Can someone give me some good reasons for not going to proportional representation as a governing model? It can’t just be because the big parties have too much to lose. I wonder whether there are some ideological uncertainties about it too: does it make the country more fractured, does it entrench regionalism?

I’m writing this in a rare moment of quiet this morning. Woke with supper dishes still unwashed and cluttering the countertop, with supper needing to be made in advance due to Beckett lesson this eve, with diapers in the washer, a pile of dirty clothes on the basement floor, two laundry baskets overflowing with clean, unfolded clothes in the living-room, F with a playdate here this morning to supervise, and baby CJ with a hankering to crawl everywhere, eat everything, then get frustrated and demand to be carried about in a sling. Plus we walked out the door thinking we were late for school (we weren’t). I’ve only conquered a few of these problems so far, but things are temporarily looking up. Laundry’s hanging on the line. The girls have played beautifully together all morning. Baby CJ went down for a nap. Dishes got washed. I’m cooking up a black bean and grain stew. Is there any way to fry quesadillas in advance? The 6pm music class is proving hairy to get to, and we’re dashing out the door still chewing our food, despite what seems like pretty good advance organizing.

Oh, my squash refused to soften last night. I roasted it for ages, but in the end gave up and discarded it. I’ve never had this happen before. And our CSA sent us gobs of chard and kale yesterday, and yet more beets, so I need to get organized and cook something out of this stuff before our fridge turns from jungle to swamp.

While the Dishes Wait

Dilemma: to blog or to finish making supper and start the dishes? Hmm.

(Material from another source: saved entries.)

(* Let $B_1$ be a Keedwell Sudoku board and let $g\in G_9$. If $B_2=g\cdot B_1$ is also a Keedwell Sudoku board, then $g\in G_k$.
   Context: A Sudoku board is a $9\times 9$ array with entries from $\{0,\dots,8\}$ such that every row, column and each of the nine $3\times 3$ blocks (subsquares) contains each symbol once; the subsquare in block-row $i$ and block-column $j$ ($i,j\in\{0,1,2\}$) is the $(i,j)$th subsquare. The full Sudoku symmetry group is $G_9=H_9\times S_9$, where $H_9$ is the group of cell rearrangements generated by permutations of the three bands (horizontal strips of blocks), permutations of the rows within a band, permutations of the three pillars (vertical strips of blocks), permutations of the columns within a pillar, and the transpose, and $S_9$ is the group of all relabelings (permutations of the symbols applied to every entry). For a $3\times 3$ array, let $\alpha$ be the operation cycling its rows down by one (row $r$ moves to row $r+1 \bmod 3$) and $\beta$ the operation cycling its columns right by one. A Sudoku board $B$ with upper-left subsquare $K$ is Keedwell if there are integers $c_{ij},d_{ij}\in\{0,1,2\}$ ($i,j\in\{0,1,2\}$) with $c_{00}=d_{00}=0$ such that the $(i,j)$th subsquare of $B$ equals $\alpha^{c_{ij}}\beta^{d_{ij}}K$ for all $i,j$. $G_k$ is the set of all $g\in G_9$ that map the set of Keedwell boards to itself (a subgroup of $G_9$). *)

theory Defs
  imports "HOL-Library.FuncSet" "HOL-Combinatorics.Permutations"
begin
(* Let $f(s)$, $g(s)$, $h(s)$ be holomorphic in an open neighborhood of $s_0\in\mathbb{C}$, and assume $|f(s_0)|=|g(s_0)|$. Then for every integer $k\geq1$, the residue \[ \mathop{\mathrm{Res}}_{s=s_0}\frac{(f(s)g(s))^k}{(s-s_0)^{2k}}h(s) \] equals $|f(s_0)|=|g(s_0)|$ times a $\mathbb{C}$-linear combination of monomials in the derivative values $f^{(\ell)}(s_0)$, $g^{(\ell)}(s_0)$, $h^{(\ell)}(s_0)$ for $\ell\in\{0,\dots,2k-1\}$, where the monomials occurring and the moduli of the coefficients depend only on $k$. *)

theory Defs
  imports "HOL-Complex_Analysis.Complex_Analysis"
begin

text \<open>A monomial in the derivative values is an exponent vector
  m :: nat \<times> nat \<Rightarrow> nat, where m (i, l) is the exponent of the l-th derivative
  of the i-th function (i = 0: f, i = 1: g, i = 2: h), l ranging over 0..2k-1.\<close>

type_synonym monomial = "nat \<times> nat \<Rightarrow> nat"

definition deriv_val ::
  "(complex \<Rightarrow> complex) \<Rightarrow> (complex \<Rightarrow> complex) \<Rightarrow> (complex \<Rightarrow> complex)
    \<Rightarrow> complex \<Rightarrow> nat \<Rightarrow> nat \<Rightarrow> complex" where
  "deriv_val f g h s0 i l = (deriv ^^ l) ([f, g, h] ! i) s0"

definition mono_eval ::
  "nat \<Rightarrow> (complex \<Rightarrow> complex) \<Rightarrow> (complex \<Rightarrow> complex) \<Rightarrow> (complex \<Rightarrow> complex)
    \<Rightarrow> complex \<Rightarrow> monomial \<Rightarrow> complex" where
  "mono_eval k f g h s0 m =
     (\<Prod>(i, l)\<in>{0..<3} \<times> {0..<2*k}. deriv_val f g h s0 i l ^ m (i, l))"

end

theory Submission
  imports Defs
begin

(* The residue is the (2k-1)-st derivative at s0 of the product of the 2k+1 factors
   f, ..., f, g, ..., g, h, divided by (2k-1)!.  The general Leibniz rule expands this
   derivative as a sum over the compositions of 2k-1 into 2k+1 parts, with multinomial
   coefficients depending only on k.  Since 2k-1 < 2k, in every composition one of the
   f- or g-factors is not differentiated at all; it contributes f(s0) or g(s0), that is
   |f(s0)| times a unimodular number, which is absorbed into the coefficient. *)

definition compositions :: "nat \<Rightarrow> nat \<Rightarrow> nat list set" where
  "compositions N n = {xs. length xs = N \<and> sum_list xs = n}"

lemma finite_compositions: "finite (compositions N n)"
proof (rule finite_subset[OF _ finite_lists_length_eq[of "{..n}" N]])
  show "compositions N n \<subseteq> {xs. set xs \<subseteq> {..n} \<and> length xs = N}"
    by (auto simp: compositions_def dest: member_le_sum_list)
qed auto

lemma compositions_0: "compositions 0 n = (if n = 0 then {[]} else {})"
  by (auto simp: compositions_def)

lemma compositions_Suc:
  "compositions (Suc N) n = (\<Union>i\<le>n. (#) i ` compositions N (n - i))"
  by (fastforce simp: compositions_def length_Suc_conv)

fun multinomial :: "nat list \<Rightarrow> nat" where
  "multinomial [] = 1"
| "multinomial (i # xs) = (i + sum_list xs choose i) * multinomial xs"

lemma higher_deriv_prod:
  fixes \<phi> :: "nat \<Rightarrow> complex \<Rightarrow> complex"
  assumes "\<And>j. j < N \<Longrightarrow> \<phi> j holomorphic_on S" "open S" "z \<in> S"
  shows "(deriv ^^ n) (\<lambda>w. \<Prod>j<N. \<phi> j w) z =
    (\<Sum>xs\<in>compositions N n. of_nat (multinomial xs) * (\<Prod>j<N. (deriv ^^ (xs ! j)) (\<phi> j) z))"
  using assms(1)
proof (induction N arbitrary: \<phi> n)
  case 0
  then show ?case by (simp add: compositions_0)
next
  case (Suc N)
  let ?tail = "\<lambda>w. \<Prod>j<N. \<phi> (Suc j) w"
  have hol_tail: "?tail holomorphic_on S"
    using Suc.prems by (intro holomorphic_on_prod) auto
  have "(deriv ^^ n) (\<lambda>w. \<Prod>j<Suc N. \<phi> j w) z = (deriv ^^ n) (\<lambda>w. \<phi> 0 w * ?tail w) z"
    by (simp only: prod.lessThan_Suc_shift)
  also have "\<dots> = (\<Sum>i\<le>n. of_nat (n choose i) * (deriv ^^ i) (\<phi> 0) z * (deriv ^^ (n - i)) ?tail z)"
    using higher_deriv_mult[OF _ hol_tail assms(2,3)] Suc.prems by (simp add: atLeast0AtMost)
  also have "\<dots> = (\<Sum>i\<le>n. \<Sum>xs\<in>compositions N (n - i).
      of_nat (multinomial (i # xs)) * (\<Prod>j<Suc N. (deriv ^^ ((i # xs) ! j)) (\<phi> j) z))"
  proof (intro sum.cong refl)
    fix i assume "i \<in> {..n}"
    have coeff: "multinomial (i # xs) = (n choose i) * multinomial xs"
      if "xs \<in> compositions N (n - i)" for xs
      using that \<open>i \<in> {..n}\<close> by (simp add: compositions_def)
    have prod_shift: "(\<Prod>j<Suc N. (deriv ^^ ((i # xs) ! j)) (\<phi> j) z)
        = (deriv ^^ i) (\<phi> 0) z * (\<Prod>j<N. (deriv ^^ (xs ! j)) (\<phi> (Suc j)) z)" for xs
      by (simp only: prod.lessThan_Suc_shift) simp
    have IH: "(deriv ^^ (n - i)) ?tail z = (\<Sum>xs\<in>compositions N (n - i).
        of_nat (multinomial xs) * (\<Prod>j<N. (deriv ^^ (xs ! j)) (\<phi> (Suc j)) z))"
      by (rule Suc.IH) (simp add: Suc.prems)
    show "of_nat (n choose i) * (deriv ^^ i) (\<phi> 0) z * (deriv ^^ (n - i)) ?tail z
      = (\<Sum>xs\<in>compositions N (n - i).
          of_nat (multinomial (i # xs)) * (\<Prod>j<Suc N. (deriv ^^ ((i # xs) ! j)) (\<phi> j) z))"
      unfolding IH sum_distrib_left
      by (intro sum.cong refl) (simp only: coeff prod_shift of_nat_mult mult_ac)
  qed
  also have "\<dots> = (\<Sum>xs\<in>compositions (Suc N) n.
      of_nat (multinomial xs) * (\<Prod>j<Suc N. (deriv ^^ (xs ! j)) (\<phi> j) z))"
    unfolding compositions_Suc
    by (subst sum.UNION_disjoint) (auto simp: finite_compositions sum.reindex)
  finally show ?case .
qed

lemma residue_prod_over_power:
  fixes \<phi> :: "nat \<Rightarrow> complex \<Rightarrow> complex"
  assumes "\<And>j. j < N \<Longrightarrow> \<phi> j holomorphic_on S" "open S" "z \<in> S"
  shows "residue (\<lambda>w. (\<Prod>j<N. \<phi> j w) / (w - z) ^ Suc n) z =
    (\<Sum>xs\<in>compositions N n.
       of_nat (multinomial xs) / fact n * (\<Prod>j<N. (deriv ^^ (xs ! j)) (\<phi> j) z))"
proof -
  have "(\<lambda>w. \<Prod>j<N. \<phi> j w) holomorphic_on S"
    using assms(1) by (intro holomorphic_on_prod) auto
  then show ?thesis
    using residue_holomorphic_over_power[OF assms(2,3)] higher_deriv_prod[OF assms]
    by (simp add: sum_divide_distrib)
qed

lemma prod_comp_eq_prod_power_card:
  fixes G :: "'b \<Rightarrow> 'c::comm_monoid_mult"
  assumes "finite J" "finite B" "p ` J \<subseteq> B"
  shows "(\<Prod>j\<in>J. G (p j)) = (\<Prod>q\<in>B. G q ^ card {j\<in>J. p j = q})"
proof -
  have "(\<Prod>j\<in>J. G (p j)) = (\<Prod>q\<in>B. \<Prod>j\<in>{j\<in>J. p j = q}. G (p j))"
    by (rule prod.group[OF assms, symmetric])
  also have "\<dots> = (\<Prod>q\<in>B. G q ^ card {j\<in>J. p j = q})"
    by (intro prod.cong refl) simp
  finally show ?thesis .
qed

definition first_zero :: "nat list \<Rightarrow> nat" where
  "first_zero xs = (LEAST j. xs ! j = 0)"

lemma first_zero_pigeonhole:
  assumes "m \<le> length xs" "sum_list xs < m"
  shows "first_zero xs < m" "xs ! first_zero xs = 0"
proof -
  obtain j where j: "j < m" "xs ! j = 0"
  proof (rule ccontr)
    assume "\<not> thesis"
    with that have "\<forall>j<m. 1 \<le> xs ! j" by (auto simp: Suc_le_eq)
    then have "m \<le> (\<Sum>j<m. xs ! j)"
      using sum_mono[of "{..<m}" "\<lambda>_. 1::nat"] by simp
    also have "\<dots> \<le> (\<Sum>j<length xs. xs ! j)"
      using assms(1) by (intro sum_mono2) auto
    finally show False
      using assms(2) by (simp add: sum_list_sum_nth atLeast0LessThan)
  qed
  show "xs ! first_zero xs = 0"
    unfolding first_zero_def using j(2) by (rule LeastI)
  show "first_zero xs < m"
    unfolding first_zero_def using j by (meson Least_le le_less_trans)
qed

definition factor_kind :: "nat \<Rightarrow> nat \<Rightarrow> nat" where
  "factor_kind k j = (if j < k then 0 else if j < 2 * k then 1 else 2)"

lemma prod_factor_kind:
  "(\<Prod>j<Suc (2 * k). ([f, g, h] ! factor_kind k j) s) = (f s * g s) ^ k * h s"
proof -
  have "(\<Prod>j<2 * k. ([f, g, h] ! factor_kind k j) s)
      = (\<Prod>j<k. ([f, g, h] ! factor_kind k j) s) * (\<Prod>j\<in>{k..<2 * k}. ([f, g, h] ! factor_kind k j) s)"
    by (simp add: prod.atLeastLessThan_concat[symmetric] lessThan_atLeast0)
  also have "\<dots> = f s ^ k * g s ^ k"
    by (simp add: factor_kind_def)
  finally show ?thesis
    by (simp add: factor_kind_def power_mult_distrib)
qed

(* Row i = 3 is ignored by mono_eval; it records xs itself, so that distinct terms of the
   expansion, whose unimodular factors may differ, stay distinct monomials. *)
definition term_monomial :: "nat \<Rightarrow> nat list \<Rightarrow> monomial" where
  "term_monomial k xs = (\<lambda>(i, l). if i = 3 then xs ! l
     else card {j \<in> {..<Suc (2 * k)} - {first_zero xs}. (factor_kind k j, xs ! j) = (i, l)})"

Kevin’s off fetching our CSA box, almost the last of the season, and the girls are playing “Little House,” and just came into the kitchen dressed in aprons and bonnets and mittens, wondering how they could help. Taking them seriously, I suggested cleaning up the living-room. The sounds of things being dumped currently accompany this task, but here’s hoping things are being dumped into appropriate containers. Boy, with baby CJ on the move, danger lurks in every wretched Playmobil flower abandoned on the carpet. I came out to the living-room today to discover him under the art table, grabbing up fistfuls of broken crayons with evident delight. Oh, F just returned to the kitchen and I see her Little House outfit includes a baseball cap, and beneath the apron a mermaid costume.

We are having leftover surprise tonight (thanks, Janis, for bestowing that name on a supper made from whatever’s discovered in the fridge; makes it sound so cheerful). I put whatever’s in the fridge into a big bowl, added a gravy-ish white sauce, and sprinkled cheese on top, then baked it in the oven. We’ll see if they eat it; after all, everything is mixed together, and my kids, like many kids, prefer some separation upon the plate.

Also roasting a squash and prepping a salad.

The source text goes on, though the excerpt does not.